(Seoul) Papst Franziskus besuchte als erstes katholisches Kirchenoberhaupt einen Friedhof für die Opfer der Abtreibung. Der Besuch des Papstes am dritten Tag seines Koreaaufenthalts galt einem katholischen Behindertenzentrum Haus der Hoffnung in Kkottongnae südlich der Hauptstadt Seoul.
Die Priester des Zentrums errichteten auf dem Gelände den Taeahdongsan, einen Garten, in dem sich eine Statue der Heiligen Familie befindet, die von Hunderten von weißen Kreuzen umgeben ist. Die Kreuze symbolisieren die ungeborenen Kinder, die durch Abtreibung getötet wurden. Ein Ort des Gedenkens, des stillen Gebets, der diesen Kindern, die nie das Licht der Welt erblicken durften, Sichtbarkeit verschafft und der eine Anklage gegen das herrschende Verbrechen des Kindermordes ist. Die Koreaner nennen den Garten allgemein „Friedhof der abgetriebenen Kinder“. Gedenkstätten und Friedhöfe für Abtreibungsopfer sind eine noch sehr junge Initiative, um auf den Massenmord an ungeborenen Kindern zu reagieren.
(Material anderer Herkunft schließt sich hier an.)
text \<open>The split with \<open>rest = []\<close> contributes \<open>z G\<^sub>k\<close>, present only for \<open>k \<ge> 3\<close>, since
  \<open>[a]\<close> is counted by \<open>Q\<^sub>k\<close> only then.\<close>
lemma gf_classG:
  assumes "2 \<le> k"
  defines "X3 \<equiv> if 3 \<le> k then fps_X else 0 :: real fps"
  shows "gf_213 (classG k) = fps_X + X3 * gf_213 (classG k) + (gf_213 (classQ k) - X3) * gf_213 (classF (k - 1))"
proof (rule fps_ext)
  fix n
  let ?G = "gf_213 (classG k)" and ?Q = "gf_213 (classQ k)" and ?F = "gf_213 (classF (k - 1))"
  have X3: "fps_nth X3 j = (if j = 1 then fps_nth ?Q 1 else 0)" for j
    unfolding X3_def using gf_213_nth_1[of "classQ k"] by simp
  have mult: "fps_nth (X3 * ?G) n = (\<Sum>j=1..<n. fps_nth X3 j * fps_nth ?G (n - j))"
    "fps_nth ((?Q - X3) * ?F) n = (\<Sum>j=1..<n. fps_nth (?Q - X3) j * fps_nth ?F (n - j))"
    using X3 by (intro fps_mult_nth_if_nth_0; simp)+
  consider "n = 0" | "n = 1" | "2 \<le> n"
    by linarith
  then show "fps_nth ?G n = fps_nth (fps_X + X3 * ?G + (?Q - X3) * ?F) n"
  proof cases
    case 3
    have "fps_nth ?G n = (\<Sum>j=1..<n. fps_nth X3 j * fps_nth ?G (n - j) + fps_nth (?Q - X3) j * fps_nth ?F (n - j))"
      unfolding gf_213_def fps_nth_Abs_fps count_classG[OF 3] of_nat_sum
    proof (rule sum.cong[OF refl])
      fix j assume "j \<in> {1..<n}"
      then show "real (count_213 (0+j) (n-j) (if j = 1 then classG k else classF (k - 1))
          * count_213 0 j (classQ k)) = fps_nth X3 j * real (count_213 0 (n - j) (classG k))
          + fps_nth (Abs_fps (\<lambda>n. real (count_213 0 n (classQ k))) - X3) j * real (count_213 0 (n - j) (classF (k - 1)))"
        using X3[of j] count_213_shift[of "classG k" 1 "n - 1"] count_213_shift[of "classF (k - 1)" j "n - j"]
        by (simp add: gf_213_def)
    qed
    also have "\<dots> = fps_nth (X3 * ?G) n + fps_nth ((?Q - X3) * ?F) n"
      unfolding mult by (rule sum.distrib)
    also have "\<dots> = fps_nth (fps_X + X3 * ?G + (?Q - X3) * ?F) n"
      using 3 by simp
    finally show ?thesis .
  qed (use assms(1) mult in \<open>simp_all add: gf_213_nth_1\<close>)
qed

lemma fps_fixpoint_unique:
  fixes A A' B c :: "'a::idom fps"
  assumes "A = c + A * B" "A' = c + A' * B" "fps_nth B 0 = 0"
  shows "A = A'"
proof -
  have "A - A' = (A - A') * B"
    using assms(1,2) by (metis add_diff_cancel_left left_diff_distrib)
  then have "(A - A') * (1 - B) = 0"
    by (simp add: algebra_simps)
  moreover have "fps_nth (1 - B) 0 = 1"
    using assms(3) by simp
  then have "1 - B \<noteq> 0"
    by auto
  ultimately show ?thesis
    by simp
qed

lemma has_dec_top_1: "C \<noteq> [] \<Longrightarrow> has_dec C 1 \<and> has_dec_top C 1"
  unfolding has_dec_def has_dec_top_def by (intro conjI has_decreasing_1[of "hd C"]) simp_all

lemma gf_213_1:
  "gf_213 (classF 1) = 0" "gf_213 (classP 1) = 0" "gf_213 (classG 1) = 0"
  unfolding classF_def classP_def classG_def
  by (intro gf_213_eq_0; use has_dec_top_1 in \<open>auto simp: cycle_form_213_def\<close>)+

lemma gf_classF_2: "gf_213 (classF 2) = fps_X"
  using gf_classF[of 2] gf_213_1 by simp

lemma gf_classG_2: "gf_213 (classG 2) = fps_X"
  using gf_classG[of 2] gf_213_1 by simp

lemma gf_classG_3: "gf_213 (classG 3) = gf_213 (classP 2)"
proof (rule fps_fixpoint_unique)
  have "gf_213 (classQ 3) = fps_X"
    using gf_classQ[of 3] gf_213_1 by simp
  then show "gf_213 (classG 3) = fps_X + gf_213 (classG 3) * fps_X"
    using gf_classG[of 3] by (simp add: mult.commute)
  show "gf_213 (classP 2) = fps_X + gf_213 (classP 2) * fps_X"
    using gf_classP[of 2] gf_classG_2 by simp
qed simp

lemma gf_classG_eq_classP: "3 \<le> m \<Longrightarrow> gf_213 (classG m) = gf_213 (classP (m - 1))"
proof (induction m rule: dec_induct)
  case base
  then show ?case
    using gf_classG_3 by simp
next
  case (step m)
  let ?F = "gf_213 (classF m)" and ?P = "gf_213 (classP m)" and ?P' = "gf_213 (classP (m - 1))"
  have "?F = ?P"
  proof (rule fps_fixpoint_unique[where c = fps_X and B = ?P'])
    show "?F = fps_X + ?F * ?P'"
      using gf_classF[of m] step by (simp add: mult.commute)
    show "?P = fps_X + ?P * ?P'"
      using gf_classP[of m] step by simp
  qed simp
  moreover have "gf_213 (classQ (Suc m)) = ?P'"
  proof (rule fps_fixpoint_unique[where c = fps_X and B = "gf_213 (classG (m - 1))"])
    show "gf_213 (classQ (Suc m)) = fps_X + gf_213 (classQ (Suc m)) * gf_213 (classG (m - 1))"
      using gf_classQ[of "Suc m"] step by (simp add: numeral_2_eq_2)
    show "?P' = fps_X + ?P' * gf_213 (classG (m - 1))"
      using gf_classP[of "m - 1"] step by simp
  qed simp
  ultimately have "gf_213 (classG (Suc m)) = (fps_X + (?P' - fps_X) * ?P) + gf_213 (classG (Suc m)) * fps_X"
    using gf_classG[of "Suc m"] step by (simp add: algebra_simps)
  moreover have "?P = (fps_X + (?P' - fps_X) * ?P) + ?P * fps_X"
    using gf_classP[of m] step by (simp add: algebra_simps)
  ultimately have "gf_213 (classG (Suc m)) = ?P"
    by (rule fps_fixpoint_unique) simp
  then show ?case
    by simp
qed

lemma gf_classP_eq_classF:
  assumes "3 \<le> m"
  shows "gf_213 (classP m) = gf_213 (classF m)"
proof (rule fps_fixpoint_unique[where c = fps_X and B = "gf_213 (classP (m - 1))"])
  show "gf_213 (classP m) = fps_X + gf_213 (classP m) * gf_213 (classP (m - 1))"
    using gf_classP[of m] gf_classG_eq_classP[of m] assms by simp
  show "gf_213 (classF m) = fps_X + gf_213 (classF m) * gf_213 (classP (m - 1))"
    using gf_classF[of m] assms by (simp add: mult.commute)
qed simp

lemma gf_classF_rec: "4 \<le> k \<Longrightarrow> gf_213 (classF k) * (1 - gf_213 (classF (k - 1))) = fps_X"
  using gf_classF[of k] gf_classP_eq_classF[of "k - 1"] by (simp add: algebra_simps)

lemma gf_classF_3: "gf_213 (classF 3) * (1 - 2 * fps_X) = fps_X * (1 - fps_X)"
proof -
  define F where "F = gf_213 (classF 3)"
  define P where "P = gf_213 (classP 2)"
  have F: "F = fps_X + P * F"
    using gf_classF[of 3] unfolding F_def P_def by simp
  have P: "P = fps_X + P * fps_X"
    using gf_classP[of 2] gf_classG_2 unfolding P_def by simp
  have "F * (1 - 2 * fps_X) = (F - P * F) * (1 - fps_X) + F * (P - P * fps_X - fps_X)"
    by (simp add: algebra_simps)
  also have "\<dots> = fps_X * (1 - fps_X)"
    using F P by (metis add_diff_cancel_right' diff_self mult_zero_right add_0_right)
  finally show ?thesis
    unfolding F_def .
qed

section \<open>Cyclic permutations and their one-line notation\<close>

lemma subseq_Cons_iff_nth:
  "subseq (x # ys) xs \<longleftrightarrow> (\<exists>i<length xs. xs ! i = x \<and> subseq ys (drop (Suc i) xs))"
proof
  assume "subseq (x # ys) xs"
  then obtain us vs where "xs = us @ x # vs" "subseq ys vs"
    by (auto dest: list_emb_ConsD)
  then show "\<exists>i<length xs. xs ! i = x \<and> subseq ys (drop (Suc i) xs)"
    by (intro exI[of _ "length us"]) auto
next
  assume "\<exists>i<length xs. xs ! i = x \<and> subseq ys (drop (Suc i) xs)"
  then obtain i where i: "i < length xs" "xs ! i = x" "subseq ys (drop (Suc i) xs)"
    by blast
  then have "subseq (x # ys) (take i xs @ xs ! i # drop (Suc i) xs)"
    by (intro list_emb_append2) simp
  then show "subseq (x # ys) xs"
    using id_take_nth_drop[OF i(1)] by simp
qed

lemma subseq3_iff_nth:
  "subseq [x, y, z] xs \<longleftrightarrow>
    (\<exists>i j l. i < j \<and> j < l \<and> l < length xs \<and> xs ! i = x \<and> xs ! j = y \<and> xs ! l = z)"
proof
  assume "subseq [x, y, z] xs"
  then obtain i where i: "i < length xs" "xs ! i = x" "subseq [y, z] (drop (Suc i) xs)"
    unfolding subseq_Cons_iff_nth[of x] by blast
  then obtain j where j: "j < length (drop (Suc i) xs)" "drop (Suc i) xs ! j = y"
    "subseq [z] (drop (Suc j) (drop (Suc i) xs))"
    unfolding subseq_Cons_iff_nth[of y] by blast
  then obtain l where "l < length (drop (Suc j) (drop (Suc i) xs))"
    "drop (Suc j) (drop (Suc i) xs) ! l = z"
    unfolding subseq_Cons_iff_nth[of z] by blast
  then show "\<exists>i j l. i < j \<and> j < l \<and> l < length xs \<and> xs ! i = x \<and> xs ! j = y \<and> xs ! l = z"
    using i j by (intro exI[of _ i] exI[of _ "Suc i + j"] exI[of _ "Suc (Suc i + j) + l"])
      (auto simp: add.commute add.left_commute)
next
  assume "\<exists>i j l. i < j \<and> j < l \<and> l < length xs \<and> xs ! i = x \<and> xs ! j = y \<and> xs ! l = z"
  then obtain i j l where ijl: "i < j" "j < l" "l < length xs" "xs ! i = x" "xs ! j = y" "xs ! l = z"
    by blast
  have "subseq [z] (drop (Suc j) xs)"
    using ijl by (auto simp: subseq_singleton_left in_set_conv_nth intro!: exI[of _ "l - Suc j"])
  then have "subseq [y, z] (drop (Suc i) xs)"
    using ijl subseq_Cons_iff_nth[of y "[z]" "drop (Suc i) xs"]
    by (auto intro!: exI[of _ "j - Suc i"])
  then show "subseq [x, y, z] xs"
    using ijl subseq_Cons_iff_nth[of x "[y, z]" xs] by auto
qed

lemma avoids_213_iff: "avoids xs [2, 1, 3] \<longleftrightarrow> avoids_213 xs"
proof -
  have less3: "(a::nat) < 3 \<longleftrightarrow> a = 0 \<or> a = 1 \<or> a = 2" for a
    by auto
  have len: "length [2, 1, 3::nat] = 3"
    by simp
  have "contains_pattern xs [2, 1, 3] \<longleftrightarrow>
    (\<exists>i j l. i < j \<and> j < l \<and> l < length xs \<and> xs ! j < xs ! i \<and> xs ! i < xs ! l)"
  proof
    assume "contains_pattern xs [2, 1, 3]"
    then obtain idx where "strict_mono_on {..<3} idx" "\<forall>a<3. idx a < length xs"
      "\<forall>a<3. \<forall>b<3. (xs ! idx a < xs ! idx b) \<longleftrightarrow> ([2, 1, 3::nat] ! a < [2, 1, 3] ! b)"
      unfolding contains_pattern_def len by blast
    then show "\<exists>i j l. i < j \<and> j < l \<and> l < length xs \<and> xs ! j < xs ! i \<and> xs ! i < xs ! l"
      by (intro exI[of _ "idx 0"] exI[of _ "idx 1"] exI[of _ "idx 2"]) (auto intro: strict_mono_onD)
  next
    assume "\<exists>i j l. i < j \<and> j < l \<and> l < length xs \<and> xs ! j < xs ! i \<and> xs ! i < xs ! l"
    then obtain i j l where ijl: "i < j" "j < l" "l < length xs" "xs ! j < xs ! i" "xs ! i < xs ! l"
      by blast
    define idx where "idx a = (if a = 0 then i else if a = 1 then j else l)" for a :: nat
    have "strict_mono_on {..<3} idx"
      by (rule strict_mono_onI) (use ijl in \<open>auto simp: idx_def less3\<close>)
    moreover have "\<forall>a<3. idx a < length xs"
      using ijl by (auto simp: idx_def less3)
    moreover have "\<forall>a<3. \<forall>b<3. (xs ! idx a < xs ! idx b) \<longleftrightarrow> ([2, 1, 3::nat] ! a < [2, 1, 3] ! b)"
      using ijl by (auto simp: idx_def less3)
    ultimately show "contains_pattern xs [2, 1, 3]"
      unfolding contains_pattern_def len by blast
  qed
  then show ?thesis
    unfolding avoids_def avoids_213_def subseq3_iff_nth by blast
qed

lemma length_delta [simp]: "length (delta k) = k"
  unfolding delta_def by simp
In Südkorea überlebt nur jedes zweite Kind die Schwangerschaft
Südkorea zählt eine der höchsten Abtreibungsraten der Welt. Laut den jüngsten offiziell veröffentlichten Zahlen, wurden 2005 340.000 Kinder im Mutterleib getötet, während 440.000 geboren wurden. Damit haben kaum mehr als die Hälfte aller in Südkorea gezeugten Kinder eine Chance, geboren zu werden.
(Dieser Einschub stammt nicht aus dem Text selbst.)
definition is_cycle :: "('v \<Rightarrow> 'v \<Rightarrow> bool) \<Rightarrow> 'v list \<Rightarrow> bool" where
  "is_cycle E xs \<longleftrightarrow> length xs \<ge> 3 \<and> distinct xs \<and> is_walk E xs \<and> E (last xs) (hd xs)"

definition girth :: "('v \<Rightarrow> 'v \<Rightarrow> bool) \<Rightarrow> enat" where
  "girth E = Inf {enat (length xs) | xs. is_cycle E xs}"

definition aut_group :: "'v set \<Rightarrow> ('v \<Rightarrow> 'v \<Rightarrow> bool) \<Rightarrow> ('v \<Rightarrow> 'v) set \<Rightarrow> bool" where
  "aut_group V E G \<longleftrightarrow> subgroup G (BijGroup V) \<and>
     (\<forall>g\<in>G. \<forall>x\<in>V. \<forall>y\<in>V. E x y \<longleftrightarrow> E (g x) (g y))"

definition two_geodesic_transitive ::
  "'v set \<Rightarrow> ('v \<Rightarrow> 'v \<Rightarrow> bool) \<Rightarrow> ('v \<Rightarrow> 'v) set \<Rightarrow> bool" where
  "two_geodesic_transitive V E G \<longleftrightarrow>
     (\<exists>u v w. two_geodesic E u v w) \<and>
     (\<forall>u\<in>V. \<forall>u'\<in>V. \<exists>g\<in>G. g u = u') \<and>
     (\<forall>u v u' v'. E u v \<longrightarrow> E u' v' \<longrightarrow> (\<exists>g\<in>G. g u = u' \<and> g v = v')) \<and>
     (\<forall>u v w u' v' w'. two_geodesic E u v w \<longrightarrow> two_geodesic E u' v' w' \<longrightarrow>
        (\<exists>g\<in>G. g u = u' \<and> g v = v' \<and> g w = w'))"

definition orbit :: "('v \<Rightarrow> 'v) set \<Rightarrow> 'v \<Rightarrow> 'v set" where
  "orbit N x = (\<lambda>g. g x) ` N"

definition quot_vertices :: "'v set \<Rightarrow> ('v \<Rightarrow> 'v) set \<Rightarrow> 'v set set" where
  "quot_vertices V N = orbit N ` V"

definition quot_adj :: "'v set \<Rightarrow> ('v \<Rightarrow> 'v \<Rightarrow> bool) \<Rightarrow> ('v \<Rightarrow> 'v) set \<Rightarrow> 'v set \<Rightarrow> 'v set \<Rightarrow> bool" where
  "quot_adj V E N B C \<longleftrightarrow> B \<in> quot_vertices V N \<and> C \<in> quot_vertices V N \<and> B \<noteq> C \<and>
     (\<exists>x\<in>B. \<exists>y\<in>C. E x y)"

definition complete_graph :: "'w set \<Rightarrow> ('w \<Rightarrow> 'w \<Rightarrow> bool) \<Rightarrow> bool" where
  "complete_graph W F \<longleftrightarrow> (\<forall>x\<in>W. \<forall>y\<in>W. x \<noteq> y \<longrightarrow> F x y)"

end

theory Submission
  imports Defs
begin

(* No edge of the graph lies inside an N-orbit: by arc-transitivity and normality of N every
   edge would then do so, and connectivity would make N transitive.  Since the girth is at least 4,
   every path (x, y, z) with x \<noteq> z is a 2-geodesic, so each 2-path U ~ Y ~ W of the quotient with
   U \<noteq> W lifts to a 2-geodesic.  If the quotient has a triangle, lifting two of its sides gives a
   2-geodesic whose end orbits are adjacent, and 2-geodesic-transitivity moves it onto any other
   lifted 2-geodesic: every 2-path of the quotient closes to a triangle, and connectivity makes the
   quotient complete. *)

lemma is_walk_singleton [simp]: "is_walk E [a]"
  by (simp add: is_walk_def)

lemma is_walk_Cons_Cons [simp]: "is_walk E (a # b # xs) \<longleftrightarrow> E a b \<and> is_walk E (b # xs)"
  by (auto simp: is_walk_def nth_Cons less_Suc_eq_0_disj split: nat.splits)

lemma is_walk_Nil [simp]: "\<not> is_walk E []"
  by (simp add: is_walk_def)

lemma is_walk_length_le_2:
  "is_walk E xs \<Longrightarrow> length xs \<le> 2 \<Longrightarrow> hd xs = last xs \<or> E (hd xs) (last xs)"
  by (cases xs rule: remdups_adj.cases) auto

lemma is_walk_rtranclp: "is_walk E xs \<Longrightarrow> E\<^sup>*\<^sup>* (hd xs) (last xs)"
proof (induction xs)
  case (Cons a xs)
  then show ?case
    by (cases xs) (auto intro: converse_rtranclp_into_rtranclp)
qed simp

lemma connected_graph_rtranclp:
  "connected_graph V E \<Longrightarrow> u \<in> V \<Longrightarrow> w \<in> V \<Longrightarrow> E\<^sup>*\<^sup>* u w"
  unfolding connected_graph_def by (metis is_walk_rtranclp)

lemma is_cycle_triangle_iff [simp]:
  "is_cycle E [a, b, c] \<longleftrightarrow> distinct [a, b, c] \<and> E a b \<and> E b c \<and> E c a"
  by (auto simp: is_cycle_def)

lemma girth_ge_3: "3 \<le> girth E"
  unfolding girth_def is_cycle_def by (auto intro!: Inf_greatest simp: numeral_eq_enat)

lemma girth_less_4_iff_triangle: "girth E < 4 \<longleftrightarrow> (\<exists>a b c. is_cycle E [a, b, c])"
proof
  assume "girth E < 4"
  then obtain xs where "is_cycle E xs" "length xs < 4"
    unfolding girth_def Inf_less_iff by (auto simp: numeral_eq_enat)
  then have "length xs = 3" "is_cycle E xs" by (auto simp: is_cycle_def)
  then show "\<exists>a b c. is_cycle E [a, b, c]"
    by (metis length_0_conv length_Suc_conv numeral_3_eq_3)
next
  assume "\<exists>a b c. is_cycle E [a, b, c]"
  then obtain xs where "is_cycle E xs" "length xs = 3" by fastforce
  then have "girth E \<le> 3"
    unfolding girth_def by (metis (mono_tags, lifting) Inf_lower mem_Collect_eq numeral_eq_enat)
  also have "(3::enat) < 4" by (simp add: numeral_eq_enat)
  finally show "girth E < 4" .
qed

lemma girth_eq_3_iff_triangle: "girth E = 3 \<longleftrightarrow> (\<exists>a b c. is_cycle E [a, b, c])"
  using girth_ge_3[of E] girth_less_4_iff_triangle[of E]
  by (cases "girth E") (auto simp: numeral_eq_enat)

lemma simple_graph_sym: "simple_graph V E \<Longrightarrow> E x y \<Longrightarrow> E y x"
  unfolding simple_graph_def by blast

lemma simple_graph_irrefl: "simple_graph V E \<Longrightarrow> E x y \<Longrightarrow> x \<noteq> y"
  unfolding simple_graph_def by blast

lemma simple_graph_edge_in: "simple_graph V E \<Longrightarrow> E x y \<Longrightarrow> x \<in> V \<and> y \<in> V"
  unfolding simple_graph_def by blast

lemma gdist_eq_2:
  assumes "E x y" "E y z" "x \<noteq> z" "\<not> E x z"
  shows "gdist E x z = 2"
  unfolding gdist_def
proof (rule Least_equality)
  show "\<exists>xs. is_walk E xs \<and> hd xs = x \<and> last xs = z \<and> length xs = Suc 2"
    by (rule exI[of _ "[x, y, z]"]) (simp add: assms(1,2))
next
  fix m assume "\<exists>xs. is_walk E xs \<and> hd xs = x \<and> last xs = z \<and> length xs = Suc m"
  then obtain xs where walk: "is_walk E xs" "hd xs = x" "last xs = z" "length xs = Suc m"
    by blast
  show "2 \<le> m"
  proof (rule ccontr)
    assume "\<not> 2 \<le> m"
    then have "length xs \<le> 2"
      using walk(4) by linarith
    then have "x = z \<or> E x z"
      using is_walk_length_le_2[OF walk(1)] walk(2,3) by simp
    then show False
      using assms(3,4) by blast
  qed
qed

lemma two_geodesic_if_girth_ge_4:
  assumes "simple_graph V E" "4 \<le> girth E" "E x y" "E y z" "x \<noteq> z"
  shows "two_geodesic E x y z"
proof -
  have "\<not> girth E < 4"
    using assms(2) by (simp add: not_less)
  then have "\<not> is_cycle E [x, y, z]"
    using girth_less_4_iff_triangle by blast
  moreover have "x \<noteq> y" "y \<noteq> z"
    using simple_graph_irrefl[OF assms(1)] assms(3,4) by blast+
  ultimately have "\<not> E z x"
    using assms(3-5) by simp
  then have "\<not> E x z"
    using simple_graph_sym[OF assms(1), of x z] by blast
  then show ?thesis
    unfolding two_geodesic_def using gdist_eq_2[OF assms(3-5)] assms(3,4) by blast
qed

lemma complete_graph_girth_eq_3:
  assumes "complete_graph W F" "3 \<le> card W"
  shows "girth F = 3"
proof -
  obtain T where "T \<subseteq> W" "card T = 3"
    using obtain_subset_with_card_n[OF assms(2)] by blast
  then obtain a b c where abc: "a \<in> W" "b \<in> W" "c \<in> W" "distinct [a, b, c]"
    using card_3_iff[of T] by auto
  then have "F a b" "F b c" "F c a"
    using assms(1) unfolding complete_graph_def by auto
  then have "is_cycle F [a, b, c]"
    using abc(4) by simp
  then show ?thesis
    using girth_eq_3_iff_triangle by blast
qed

definition arc_transitive :: "('v \<Rightarrow> 'v \<Rightarrow> bool) \<Rightarrow> ('v \<Rightarrow> 'v) set \<Rightarrow> bool" where
  "arc_transitive E G \<longleftrightarrow> (\<forall>u v u' v'. E u v \<longrightarrow> E u' v' \<longrightarrow> (\<exists>g\<in>G. g u = u' \<and> g v = v'))"

lemma two_geodesic_transitive_imp_arc_transitive:
  "two_geodesic_transitive V E G \<Longrightarrow> arc_transitive E G"
  unfolding two_geodesic_transitive_def arc_transitive_def by blast

lemma group_action_subgroup_BijGroup:
  assumes "subgroup K (BijGroup V)"
  shows "group_action ((BijGroup V)\<lparr>carrier := K\<rparr>) V (\<lambda>g. g)"
proof -
  have "(\<lambda>g. g) \<in> hom ((BijGroup V)\<lparr>carrier := K\<rparr>) (BijGroup V)"
    using subgroup.subset[OF assms] unfolding hom_def by auto
  then show ?thesis
    using subgroup.subgroup_is_group[OF assms group_BijGroup] group_BijGroup
    unfolding group_action_def group_hom_def group_hom_axioms_def by blast
qed

locale perm_normal_subgroup =
  fixes V :: "'v set" and G N :: "('v \<Rightarrow> 'v) set"
  assumes perm_group: "subgroup G (BijGroup V)"
    and normal: "N \<lhd> (BijGroup V)\<lparr>carrier := G\<rparr>"
begin

lemma normal_subset: "N \<subseteq> G"
  using subgroup.subset[OF normal_imp_subgroup[OF normal]] by simp

lemma perm_subgroup: "subgroup N (BijGroup V)"
  using group.incl_subgroup[OF group_BijGroup perm_group normal_imp_subgroup[OF normal]] .

sublocale G: group_action "(BijGroup V)\<lparr>carrier := G\<rparr>" V "\<lambda>g. g"
  using group_action_subgroup_BijGroup[OF perm_group] .

sublocale N: group_action "(BijGroup V)\<lparr>carrier := N\<rparr>" V "\<lambda>g. g"
  using group_action_subgroup_BijGroup[OF perm_subgroup] .

lemma orbit_eq_action_orbit:
  "orbit N x = Group_Action.orbit ((BijGroup V)\<lparr>carrier := N\<rparr>) (\<lambda>g. g) x"
  by (auto simp: orbit_def Group_Action.orbit_def)

lemma orbit_refl: "x \<in> V \<Longrightarrow> x \<in> orbit N x"
  using N.orbit_refl by (simp add: orbit_eq_action_orbit)

lemma orbit_subset: "x \<in> V \<Longrightarrow> orbit N x \<subseteq> V"
  using N.element_image by (auto simp: orbit_def)

lemma orbit_eq:
  assumes "x \<in> V" "y \<in> orbit N x"
  shows "orbit N y = orbit N x"
proof -
  have y: "y \<in> V"
    using assms orbit_subset by blast
  have x: "x \<in> orbit N y"
    using N.orbit_sym[OF assms(1) y] assms(2) by (simp add: orbit_eq_action_orbit)
  show ?thesis
  proof
    show "orbit N y \<subseteq> orbit N x"
      using N.orbit_trans[OF assms(1) y] assms(2) orbit_subset[OF y]
      unfolding orbit_eq_action_orbit by blast
    show "orbit N x \<subseteq> orbit N y"
      using N.orbit_trans[OF y assms(1)] x orbit_subset[OF assms(1)]
      unfolding orbit_eq_action_orbit by blast
  qed
qed

lemma quot_vertex_eq_orbit: "B \<in> quot_vertices V N \<Longrightarrow> y \<in> B \<Longrightarrow> B = orbit N y"
  unfolding quot_vertices_def using orbit_eq by blast

lemma orbit_image:
  assumes g: "g \<in> G" and x: "x \<in> V" and y: "y \<in> orbit N x"
  shows "g y \<in> orbit N (g x)"
proof -
  let ?H = "(BijGroup V)\<lparr>carrier := G\<rparr>"
  obtain n where n: "n \<in> N" "y = n x"
    using y unfolding orbit_def by blast
  have g': "g \<in> carrier ?H" and n': "n \<in> carrier ?H"
    using g n(1) normal_subset by auto
  have grp: "group ?H"
    using subgroup.subgroup_is_group[OF perm_group group_BijGroup] .
  have conj: "g \<otimes>\<^bsub>?H\<^esub> n \<otimes>\<^bsub>?H\<^esub> inv\<^bsub>?H\<^esub> g \<in> N"
    using normal.inv_op_closed2[OF normal g' n(1)] .
  have "(g \<otimes>\<^bsub>?H\<^esub> n \<otimes>\<^bsub>?H\<^esub> inv\<^bsub>?H\<^esub> g) (g x)
      = (g \<otimes>\<^bsub>?H\<^esub> n) ((inv\<^bsub>?H\<^esub> g) (g x))"
    using G.composition_rule[OF G.element_image[OF g' x refl]] monoid.m_closed[OF group.is_monoid[OF grp] g' n']
      group.inv_closed[OF grp g'] by blast
  also have "\<dots> = g y"
    using G.orbit_sym_aux[OF g' x refl] G.composition_rule[OF x g' n'] n(2) by simp
  finally show ?thesis
    using conj unfolding orbit_def by (metis image_eqI)
qed

lemma orbit_image_eq_iff:
  assumes g: "g \<in> G" and x: "x \<in> V" and y: "y \<in> V"
  shows "orbit N (g x) = orbit N (g y) \<longleftrightarrow> orbit N x = orbit N y"
proof
  assume "orbit N x = orbit N y"
  then have "g y \<in> orbit N (g x)"
    using orbit_image[OF g x] orbit_refl[OF y] by simp
  then show "orbit N (g x) = orbit N (g y)"
    using orbit_eq G.element_image[OF _ x refl] g by force
next
  let ?H = "(BijGroup V)\<lparr>carrier := G\<rparr>"
  have g': "g \<in> carrier ?H" and g_inv: "inv\<^bsub>?H\<^esub> g \<in> G"
    using g group.inv_closed[OF subgroup.subgroup_is_group[OF perm_group group_BijGroup]] by auto
  assume "orbit N (g x) = orbit N (g y)"
  then have "g y \<in> orbit N (g x)"
    using orbit_refl G.element_image[OF g' y refl] by simp
  then have "y \<in> orbit N x"
    using orbit_image[OF g_inv G.element_image[OF g' x refl]]
      G.orbit_sym_aux[OF g' x refl] G.orbit_sym_aux[OF g' y refl] by metis
  then show "orbit N x = orbit N y"
    using orbit_eq[OF x] by simp
qed

end

locale normal_quotient_graph = perm_normal_subgroup V G N for V :: "'v set" and G N +
  fixes E :: "'v \<Rightarrow> 'v \<Rightarrow> bool"
  assumes simple: "simple_graph V E"
    and edge_preserving: "\<forall>g\<in>G. \<forall>x\<in>V. \<forall>y\<in>V. E x y \<longleftrightarrow> E (g x) (g y)"
begin

lemma edge_image: "g \<in> G \<Longrightarrow> E x y \<Longrightarrow> E (g x) (g y)"
  using edge_preserving simple_graph_edge_in[OF simple] by blast

lemma quot_adj_sym: "quot_adj V E N B C \<Longrightarrow> quot_adj V E N C B"
  unfolding quot_adj_def using simple_graph_sym[OF simple] by blast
Ungeborene Kinder dürfen bis zur 24. Schwangerschaftswoche getötet werden. Als Gründe werden die üblichen Indikationen akzeptiert: Vergewaltigung, Inzest, schwere Behinderung oder Gefahr für die Gesundheit der Mutter. Wie die extrem hohen Abtreibungszahlen beweisen, handelt es sich bei den gesetzlichen Indikationen nicht um objektive Schutzbestimmungen für die Mütter, sondern um Gummiparagraphen, die in Wirklichkeit den systematischen Massenmord an ungeborenen Kindern erlauben.
Lebensfeindlichkeit durch Mär von der „Überbevölkerung“
Laut Experten rühre die Ursache für die lebensfeindliche Haltung vieler Südkoreaner von einer seit Jahrzenten gesteuerten Politik der Fertilitätsbekämpfung her, die von der Regierung unter dem Stichwort „Überbevölkerung“ seit den 60er Jahren propagiert wird.
Im von Pater John Oh 1976 gegründeten „Haus der Hoffnung“ in Kkottingnae haben mehrere Tausend behinderte Menschen eine sichere Heimat. Das katholische Zentrum ist in einer menschenfeindlichen Umgebung auch ein sicherer Ort für Waisenkinder. Es gibt auch eine Art Babyklappe.
Die Einbeziehung des Zentrums von Kkottingnae durch das Organisationskomitee in das Besuchsprogramm des Papstes wurde von Medien kritisiert, weil Pater Oh vorgeworfen wird, öffentliche Gelder für seine Einrichtung „veruntreut“ zu haben. Wie katholische Beobachtern versichern, scheint es sich dabei um eine Verleumdungskampagne zu halten, weil das Lebenszentrum mit dem Friedhof für abgetriebene Kinder bestimmten Kreisen ein Dorn im Auge ist.